### TASK STATEMENT
Every line of the data must appear again in the answer, exactly as written.
____________________
(* Let $\alpha\ge 2$ and $\lambda>0$. There exists $u_0>0$ such that for every $u\ge u_0$ the self-adjoint operator $H_u-\lambda u^{-1-\alpha/2}$ on $L^2(\mathbb{R},dv)$ has at most one negative eigenvalue (counted with multiplicity), where $$H_u:=-\partial_v^2+\frac{v^2}{2(u^2+v^2)^{1/2}}-\frac{1}{\sqrt2\,(u^2+v^2)^{1/4}}.$$
   Context: $H_u$ is defined as a self-adjoint operator on $L^2(\mathbb{R})$ via the closure of its quadratic form on $C_0^\infty(\mathbb{R})$ (the potential is bounded below). *)

theory Defs
  imports "HOL-Analysis.Analysis"
begin

definition smooth_cs :: "(real \<Rightarrow> real) \<Rightarrow> bool" where
  "smooth_cs \<phi> \<longleftrightarrow> (\<forall>k. \<forall>x. ((deriv ^^ k) \<phi>) differentiable (at x))
                    \<and> (\<exists>R. \<forall>x. \<bar>x\<bar> > R \<longrightarrow> \<phi> x = 0)"

(* Square integrable (Borel) functions, i.e. representatives of L^2(R, dv). *)
definition L2 :: "(real \<Rightarrow> real) \<Rightarrow> bool" where
  "L2 f \<longleftrightarrow> f \<in> borel_measurable lborel \<and> integrable lborel (\<lambda>x. (f x)\<^sup>2)"

(* Quadratic (sesquilinear) form of -d^2/dv^2 + W on C_0^\<infinity>. *)
definition sch_form :: "(real \<Rightarrow> real) \<Rightarrow> (real \<Rightarrow> real) \<Rightarrow> (real \<Rightarrow> real) \<Rightarrow> real" where
  "sch_form W \<phi> \<psi> = (\<integral>x. deriv \<phi> x * deriv \<psi> x + W x * \<phi> x * \<psi> x \<partial>lborel)"

(* \<phi> is an approximating sequence of f for the closure of the form:
   \<phi> n \<in> C_0^\<infinity>, \<phi> n \<rightarrow> f in L^2, and (\<phi> n) is Cauchy in the form norm. *)
definition form_approx :: "(real \<Rightarrow> real) \<Rightarrow> (real \<Rightarrow> real) \<Rightarrow> (nat \<Rightarrow> real \<Rightarrow> real) \<Rightarrow> bool" where
  "form_approx W f \<phi> \<longleftrightarrow> L2 f \<and> (\<forall>n. smooth_cs (\<phi> n))
     \<and> (\<lambda>n. \<integral>x. (\<phi> n x - f x)\<^sup>2 \<partial>lborel) \<longlonglongrightarrow> 0
     \<and> (\<forall>e>0. \<exists>N. \<forall>n\<ge>N. \<forall>m\<ge>N.
           \<bar>sch_form W (\<lambda>x. \<phi> n x - \<phi> m x) (\<lambda>x. \<phi> n x - \<phi> m x)\<bar> < e)"

definition form_dom :: "(real \<Rightarrow> real) \<Rightarrow> (real \<Rightarrow> real) \<Rightarrow> bool" where
  "form_dom W f \<longleftrightarrow> (\<exists>\<phi>. form_approx W f \<phi>)"

(* E is an eigenvalue of the self-adjoint operator associated with the closed form,
   with eigenfunction f: f \<in> D(q), f \<noteq> 0 in L^2, and q(f,g) = E <f,g> for all g \<in> D(q),
   where the closed form is q(f,g) = lim q(\<phi> n, \<psi> n) along approximating sequences. *)
definition is_eigen :: "(real \<Rightarrow> real) \<Rightarrow> real \<Rightarrow> (real \<Rightarrow> real) \<Rightarrow> bool" where
  "is_eigen W E f \<longleftrightarrow> form_dom W f \<and> \<not> (AE x in lborel. f x = 0)
     \<and> (\<forall>g \<phi> \<psi>. form_approx W f \<phi> \<longrightarrow> form_approx W g \<psi> \<longrightarrow>
           (\<lambda>n. sch_form W (\<phi> n) (\<psi> n)) \<longlonglongrightarrow> E * (\<integral>x. f x * g x \<partial>lborel))"

(* At most one negative eigenvalue counted with multiplicity: the span of all
   eigenfunctions with negative eigenvalues has dimension \<le> 1, i.e. any two such
   eigenfunctions are proportional in L^2. *)
definition at_most_one_neg_eig :: "(real \<Rightarrow> real) \<Rightarrow> bool" where
  "at_most_one_neg_eig W \<longleftrightarrow>
     (\<forall>E1 E2 f1 f2. is_eigen W E1 f1 \<and> E1 < 0 \<and> is_eigen W E2 f2 \<and> E2 < 0 \<longrightarrow>
        (\<exists>c. AE x in lborel. f2 x = c * f1 x))"

definition Vpot :: "real \<Rightarrow> real \<Rightarrow> real" where
  "Vpot u v = v\<^sup>2 / (2 * sqrt (u\<^sup>2 + v\<^sup>2)) - 1 / (sqrt 2 * (u\<^sup>2 + v\<^sup>2) powr (1/4))"

end

theory Submission
  imports Defs
begin

(*
  The shifted potential W = Vpot u - lam u^(-1-alpha/2) is bounded below by -a
  and is non-negative outside [-R, R], where a R^2 <= 2 for u large.  A one-dimensional
  Hardy-type estimate then shows that the form q(phi) = int phi'^2 + W phi^2 is
  non-negative on the codimension-one subspace {phi(0) = 0} of test functions: if
  phi(0) = 0 then phi(t)^2 <= |t| int phi'^2, so the negative part of W costs at most
  (a R^2 / 2) int phi'^2.  On the other hand, two non-proportional eigenfunctions with
  negative eigenvalues make the Gram matrix of q on their approximating test functions
  eventually negative definite, and a negative definite form on a two-dimensional space
  cannot be non-negative on a hyperplane.
*)

section \<open>A Hardy-type positivity estimate\<close>

lemma integral_square_le:
  fixes g :: "real \<Rightarrow> real"
  assumes x0: "0 \<le> x" and cg: "continuous_on {0..x} g"
  shows "(integral {0..x} g)^2 \<le> x * integral {0..x} (\<lambda>t. (g t)^2)"
proof (cases "x = 0")
  case True then show ?thesis by simp
next
  case False
  hence x: "x > 0" using x0 by simp
  define I where "I = integral {0..x} g"
  define J where "J = integral {0..x} (\<lambda>t. (g t)^2)"
  define m where "m = I / x"
  have hI: "(g has_integral I) {0..x}" unfolding I_def
    using integrable_continuous_interval[OF cg] by (simp add: integrable_integral)
  have hJ: "((\<lambda>t. (g t)^2) has_integral J) {0..x}" unfolding J_def
    by (intro integrable_integral integrable_continuous_interval continuous_intros cg)
  have expand: "((\<lambda>t. (g t)^2 - (2*m) * g t + m^2) has_integral (J - (2*m)*I + x * m^2)) {0..x}"
    using has_integral_add[OF has_integral_diff[OF hJ has_integral_mult_right[OF hI, of "2*m"]]
        has_integral_const_real[of "m^2" 0 x]] x by simp
  have square: "(\<lambda>t. (g t)^2 - (2*m) * g t + m^2) = (\<lambda>t. (g t - m)^2)"
    by (auto simp: power2_eq_square algebra_simps)
  have "0 \<le> J - (2*m)*I + x * m^2"
    using has_integral_nonneg[OF expand[unfolded square]] by simp
  hence "0 \<le> J - I^2 / x" unfolding m_def using x by (simp add: power2_eq_square field_simps)
  thus ?thesis unfolding I_def J_def using x by (simp add: field_simps)
qed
____________________
### RESULT OF THE EXERCISE
(* Let $\alpha\ge 2$ and $\lambda>0$. There exists $u_0>0$ such that for every $u\ge u_0$ the self-adjoint operator $H_u-\lambda u^{-1-\alpha/2}$ on $L^2(\mathbb{R},dv)$ has at most one negative eigenvalue (counted with multiplicity), where $$H_u:=-\partial_v^2+\frac{v^2}{2(u^2+v^2)^{1/2}}-\frac{1}{\sqrt2\,(u^2+v^2)^{1/4}}.$$
   Context: $H_u$ is defined as a self-adjoint operator on $L^2(\mathbb{R})$ via the closure of its quadratic form on $C_0^\infty(\mathbb{R})$ (the potential is bounded below). *)

theory Defs
  imports "HOL-Analysis.Analysis"
begin

definition smooth_cs :: "(real \<Rightarrow> real) \<Rightarrow> bool" where
  "smooth_cs \<phi> \<longleftrightarrow> (\<forall>k. \<forall>x. ((deriv ^^ k) \<phi>) differentiable (at x))
                    \<and> (\<exists>R. \<forall>x. \<bar>x\<bar> > R \<longrightarrow> \<phi> x = 0)"

(* Square integrable (Borel) functions, i.e. representatives of L^2(R, dv). *)
definition L2 :: "(real \<Rightarrow> real) \<Rightarrow> bool" where
  "L2 f \<longleftrightarrow> f \<in> borel_measurable lborel \<and> integrable lborel (\<lambda>x. (f x)\<^sup>2)"

(* Quadratic (sesquilinear) form of -d^2/dv^2 + W on C_0^\<infinity>. *)
definition sch_form :: "(real \<Rightarrow> real) \<Rightarrow> (real \<Rightarrow> real) \<Rightarrow> (real \<Rightarrow> real) \<Rightarrow> real" where
  "sch_form W \<phi> \<psi> = (\<integral>x. deriv \<phi> x * deriv \<psi> x + W x * \<phi> x * \<psi> x \<partial>lborel)"

(* \<phi> is an approximating sequence of f for the closure of the form:
   \<phi> n \<in> C_0^\<infinity>, \<phi> n \<rightarrow> f in L^2, and (\<phi> n) is Cauchy in the form norm. *)
definition form_approx :: "(real \<Rightarrow> real) \<Rightarrow> (real \<Rightarrow> real) \<Rightarrow> (nat \<Rightarrow> real \<Rightarrow> real) \<Rightarrow> bool" where
  "form_approx W f \<phi> \<longleftrightarrow> L2 f \<and> (\<forall>n. smooth_cs (\<phi> n))
     \<and> (\<lambda>n. \<integral>x. (\<phi> n x - f x)\<^sup>2 \<partial>lborel) \<longlonglongrightarrow> 0
     \<and> (\<forall>e>0. \<exists>N. \<forall>n\<ge>N. \<forall>m\<ge>N.
           \<bar>sch_form W (\<lambda>x. \<phi> n x - \<phi> m x) (\<lambda>x. \<phi> n x - \<phi> m x)\<bar> < e)"

definition form_dom :: "(real \<Rightarrow> real) \<Rightarrow> (real \<Rightarrow> real) \<Rightarrow> bool" where
  "form_dom W f \<longleftrightarrow> (\<exists>\<phi>. form_approx W f \<phi>)"

(* E is an eigenvalue of the self-adjoint operator associated with the closed form,
   with eigenfunction f: f \<in> D(q), f \<noteq> 0 in L^2, and q(f,g) = E <f,g> for all g \<in> D(q),
   where the closed form is q(f,g) = lim q(\<phi> n, \<psi> n) along approximating sequences. *)
definition is_eigen :: "(real \<Rightarrow> real) \<Rightarrow> real \<Rightarrow> (real \<Rightarrow> real) \<Rightarrow> bool" where
  "is_eigen W E f \<longleftrightarrow> form_dom W f \<and> \<not> (AE x in lborel. f x = 0)
     \<and> (\<forall>g \<phi> \<psi>. form_approx W f \<phi> \<longrightarrow> form_approx W g \<psi> \<longrightarrow>
           (\<lambda>n. sch_form W (\<phi> n) (\<psi> n)) \<longlonglongrightarrow> E * (\<integral>x. f x * g x \<partial>lborel))"

(* At most one negative eigenvalue counted with multiplicity: the span of all
   eigenfunctions with negative eigenvalues has dimension \<le> 1, i.e. any two such
   eigenfunctions are proportional in L^2. *)
definition at_most_one_neg_eig :: "(real \<Rightarrow> real) \<Rightarrow> bool" where
  "at_most_one_neg_eig W \<longleftrightarrow>
     (\<forall>E1 E2 f1 f2. is_eigen W E1 f1 \<and> E1 < 0 \<and> is_eigen W E2 f2 \<and> E2 < 0 \<longrightarrow>
        (\<exists>c. AE x in lborel. f2 x = c * f1 x))"

definition Vpot :: "real \<Rightarrow> real \<Rightarrow> real" where
  "Vpot u v = v\<^sup>2 / (2 * sqrt (u\<^sup>2 + v\<^sup>2)) - 1 / (sqrt 2 * (u\<^sup>2 + v\<^sup>2) powr (1/4))"

end

theory Submission
  imports Defs
begin

(*
  The shifted potential W = Vpot u - lam u^(-1-alpha/2) is bounded below by -a
  and is non-negative outside [-R, R], where a R^2 <= 2 for u large.  A one-dimensional
  Hardy-type estimate then shows that the form q(phi) = int phi'^2 + W phi^2 is
  non-negative on the codimension-one subspace {phi(0) = 0} of test functions: if
  phi(0) = 0 then phi(t)^2 <= |t| int phi'^2, so the negative part of W costs at most
  (a R^2 / 2) int phi'^2.  On the other hand, two non-proportional eigenfunctions with
  negative eigenvalues make the Gram matrix of q on their approximating test functions
  eventually negative definite, and a negative definite form on a two-dimensional space
  cannot be non-negative on a hyperplane.
*)

section \<open>A Hardy-type positivity estimate\<close>

lemma integral_square_le:
  fixes g :: "real \<Rightarrow> real"
  assumes x0: "0 \<le> x" and cg: "continuous_on {0..x} g"
  shows "(integral {0..x} g)^2 \<le> x * integral {0..x} (\<lambda>t. (g t)^2)"
proof (cases "x = 0")
  case True then show ?thesis by simp
next
  case False
  hence x: "x > 0" using x0 by simp
  define I where "I = integral {0..x} g"
  define J where "J = integral {0..x} (\<lambda>t. (g t)^2)"
  define m where "m = I / x"
  have hI: "(g has_integral I) {0..x}" unfolding I_def
    using integrable_continuous_interval[OF cg] by (simp add: integrable_integral)
  have hJ: "((\<lambda>t. (g t)^2) has_integral J) {0..x}" unfolding J_def
    by (intro integrable_integral integrable_continuous_interval continuous_intros cg)
  have expand: "((\<lambda>t. (g t)^2 - (2*m) * g t + m^2) has_integral (J - (2*m)*I + x * m^2)) {0..x}"
    using has_integral_add[OF has_integral_diff[OF hJ has_integral_mult_right[OF hI, of "2*m"]]
        has_integral_const_real[of "m^2" 0 x]] x by simp
  have square: "(\<lambda>t. (g t)^2 - (2*m) * g t + m^2) = (\<lambda>t. (g t - m)^2)"
    by (auto simp: power2_eq_square algebra_simps)
  have "0 \<le> J - (2*m)*I + x * m^2"
    using has_integral_nonneg[OF expand[unfolded square]] by simp
  hence "0 \<le> J - I^2 / x" unfolding m_def using x by (simp add: power2_eq_square field_simps)
  thus ?thesis unfolding I_def J_def using x by (simp add: field_simps)
qed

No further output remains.